Sunday, November 6, 2011

When is Bedtime?

Hi Ya'll,

Is it just me, or are ya'll confused by the time change too?  At 6:30 I was telling the kids it was time to head to bed.  And, I was planning on go to bed too!  Thanks to daylight-savings I am loosing my mind.

I used my miscalculation of time to get a musical instrument ready for rhythm day at school, create a "Star-Student" poster, and ... I don't know what else I have done.  But, I am pretty sure the idea behind all the school projects is to have the kiddie and Mommy work together.  Someone needs to let these teachers know that is can't be done.  Maybe I am one of the only Mom's who can't get it all done, in which case I should feel really bad, but I don't.

Anyway- now that I have a guitar made out of a wheat-thins box, and a poster board showing only a couple of my kiddies favorite pictures I am going to check in with you, and then go meet Mr. Sandman.
I have found my treatment regime very tolerable.  There is some pain at the injection site on the first day.  Severe headaches for several days, heartburn, and I am super tired (but who's to say that isn't from making music with cracker boxes).  However, these side-effects are nothing compared to what I went through before with A/C and Taxol.

Because the side-effects are mild, I am feeling very guilty over the kindness and generosity of friends and neighbors.  I feel so wrong accepting help since I am not as sick as I was before.  I don't know what to say- should I politely decline your help or accept the offering knowing you would like to do something to help?  I must admit it is very hard to be on the receiving end again.

The first time I went through cancer I accepted the kindness knowing it was temporary, and believing that I wouldn't have to be in that position again. Ha- got that wrong.  I wish I had the time, money, and opportunity to pay it forward.  But, instead, I am trying to figure out the right thing to do about my situation now.  Accept help or not, fearing people will think I am taking advantage of them?

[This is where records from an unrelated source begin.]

(* Let $K$ be a field with two commuting endomorphisms $\phi,\sigma$ satisfying Condition $\mathcal{H}$. Let $A\in\mathrm{GL}_n(K)$ and let $L_A$ be a $\sigma$-Picard–Vessiot extension for $\phi(Y)=AY$ over $K$. If $L_A$ is a field, then $K$ is relatively algebraically closed in $L_A$.
   Context: Condition $\mathcal{H}$: $\sigma\colon K\to K$ is an automorphism; $C=K^\phi=\{a\in K:\phi(a)=a\}$ is algebraically closed; and for every positive integer $r$, $K$ has no finite nontrivial $\phi^r$-field extension (no finite field extension $K'\neq K$ with an endomorphism extending $\phi^r$). A $\sigma$-Picard–Vessiot extension which is a field: a field $L_A\supset K$ with commuting endomorphisms $\phi,\sigma$ extending those of $K$, with $U\in\mathrm{GL}_n(L_A)$, $\phi(U)=AU$, $L_A$ generated as a field over $K$ by entries of $\sigma^i(U)$, $i\ge0$, and $L_A^\phi=K^\phi$. *)

theory Defs
  imports "HOL-Analysis.Finite_Cartesian_Product" "HOL-Computational_Algebra.Polynomial"
          "HOL-Algebra.Ring" "HOL-Algebra.RingHom"
begin

definition ring_endo :: "('a::ring_1 \<Rightarrow> 'b::ring_1) \<Rightarrow> bool" where
  "ring_endo f \<longleftrightarrow> f 1 = 1 \<and> (\<forall>a b. f (a + b) = f a + f b) \<and> (\<forall>a b. f (a * b) = f a * f b)"

definition fixed :: "('a \<Rightarrow> 'a) \<Rightarrow> 'a set" where
  "fixed f = {a. f a = a}"

definition alg_closed_subfield :: "'k::field set \<Rightarrow> bool" where
  "alg_closed_subfield C \<longleftrightarrow>
     (\<forall>p::'k poly. (\<forall>i. coeff p i \<in> C) \<and> degree p > 0 \<longrightarrow> (\<exists>x\<in>C. poly p x = 0))"

(* Every finite extension of K is a finite-dimensional
   K-vector space, hence in bijection with a set of polynomials over K; therefore
   extensions are represented (up to isomorphism) by field structures on subsets of 'k poly. *)
definition finite_ext_with_endo ::
  "('k::field \<Rightarrow> 'k) \<Rightarrow> ('k poly) ring \<Rightarrow> ('k \<Rightarrow> 'k poly) \<Rightarrow> ('k poly \<Rightarrow> 'k poly) \<Rightarrow> bool" where
  "finite_ext_with_endo phi0 R \<iota> \<psi> \<longleftrightarrow>
     field R \<and> range \<iota> \<subseteq> carrier R \<and> \<iota> 1 = \<one>\<^bsub>R\<^esub> \<and>
     (\<forall>a b. \<iota> (a + b) = \<iota> a \<oplus>\<^bsub>R\<^esub> \<iota> b) \<and> (\<forall>a b. \<iota> (a * b) = \<iota> a \<otimes>\<^bsub>R\<^esub> \<iota> b) \<and>
     (\<exists>B. finite B \<and> B \<subseteq> carrier R \<and>
        (\<forall>x\<in>carrier R. \<exists>c. x = finsum R (\<lambda>b. \<iota> (c b) \<otimes>\<^bsub>R\<^esub> b) B)) \<and>
     \<psi> \<in> ring_hom R R \<and> (\<forall>a. \<psi> (\<iota> a) = \<iota> (phi0 a))"

definition condition_H :: "('k::field \<Rightarrow> 'k) \<Rightarrow> ('k \<Rightarrow> 'k) \<Rightarrow> bool" where
  "condition_H \<phi> \<sigma> \<longleftrightarrow>
     bij \<sigma> \<and> alg_closed_subfield (fixed \<phi>) \<and>
     (\<forall>r::nat. r > 0 \<longrightarrow>
        (\<forall>R \<iota> \<psi>. finite_ext_with_endo (\<phi> ^^ r) R \<iota> \<psi> \<longrightarrow> carrier R = range \<iota>))"

definition is_subfield :: "'a::field set \<Rightarrow> bool" where
  "is_subfield S \<longleftrightarrow> 0 \<in> S \<and> 1 \<in> S \<and> (\<forall>x\<in>S. \<forall>y\<in>S. x + y \<in> S \<and> x * y \<in> S) \<and>
     (\<forall>x\<in>S. - x \<in> S \<and> inverse x \<in> S)"

definition generates_field :: "'a::field set \<Rightarrow> bool" where
  "generates_field G \<longleftrightarrow> (\<forall>S. is_subfield S \<and> G \<subseteq> S \<longrightarrow> S = UNIV)"

definition sigma_PV_field ::
  "('k::field \<Rightarrow> 'k) \<Rightarrow> ('k \<Rightarrow> 'k) \<Rightarrow> 'k^'n^'n \<Rightarrow>
   ('k \<Rightarrow> 'l::field) \<Rightarrow> ('l \<Rightarrow> 'l) \<Rightarrow> ('l \<Rightarrow> 'l) \<Rightarrow> 'l^'n^'n \<Rightarrow> bool" where
  "sigma_PV_field \<phi> \<sigma> A e \<Phi> \<Sigma> U \<longleftrightarrow>
     ring_endo e \<and> ring_endo \<Phi> \<and> ring_endo \<Sigma> \<and> \<Phi> \<circ> \<Sigma> = \<Sigma> \<circ> \<Phi> \<and>
     (\<forall>a. \<Phi> (e a) = e (\<phi> a)) \<and> (\<forall>a. \<Sigma> (e a) = e (\<sigma> a)) \<and>
     invertible U \<and> map_matrix \<Phi> U = map_matrix e A ** U \<and>
     generates_field (range e \<union> {(\<Sigma> ^^ i) (U $ j $ k) | i j k. True}) \<and>
     fixed \<Phi> = e ` fixed \<phi>"

definition rel_alg_closed_in :: "('k::field \<Rightarrow> 'l::field) \<Rightarrow> bool" where
  "rel_alg_closed_in e \<longleftrightarrow>
     (\<forall>x. (\<exists>p::'k poly. p \<noteq> 0 \<and> poly (map_poly e p) x = 0) \<longrightarrow> x \<in> range e)"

I don't know the answer tonight.  So, I will move on-

I don't have a timeline for my treatment.  Before it was easy because the chemo was so toxic there were a limited number of infusions that could be given. So, from the beginning I knew how many rounds I would have before moving to the next therapy.

This time it is much more mystical.  I will be getting bi-weekly injections for 3 rounds, then switching to monthly injections.  I will have blood tests every month, and we will be looking at the blood results in 2 months to tell us how this therapy is working.  I will have the PET/CT scan in 3 months.

If the cancer is responsive, then we continue with the treatment until.... a time in the future when treatment is either not necessary or not working.

I mentioned there are several treatment paths for me.  When/if this path fails we will move to one of the other 2 paths, both of which are more brutal, so hopefully this one does it!

Tonight I am homesick for my sisters and brother.  I love ya, guys.

Tonight I am Thankful:

  • for electric heat pads
  • Elmers Glue
  • Essential Oils
  • Bath Tubs
  • ice water
  • beach vacations
  • washing machines
  • sleeping kiddies (ahh- silence)

3 comments:

Nancy's Point said...

Thank you for commenting on my blog. It led me here! I know what you mean about the time change. As a parent and teacher I appreciate your comment about the school project and you're right, sometimes it just can't be done! As for asking for help, well, I say go ahead. Your true friends will not feel taken advantage of. I know it's tough to ask for help. Good luck with your ongoing treatment. Lastly, I like your list of things you're thankful for. It made me chuckle.

Texas is our Home on the Range said...

Thanks Nancy! Some days the most mundane things make us thankful. As I separted stinky laundry last night I was glad the washing machine would work while I slept!

Lori K said...

I say accept the help and do not feel guilty... People reach out and offer because they want to help--usually it brings lots of happiness to the giver. And remember anyone that offers help to you is also helping your beautiful girls in some way. Whenever you get help , take the time to relax, focus on your healing and enjoy a little less stress. You deserve it no doubt! I am so glad you are not feeling so sick this go round!!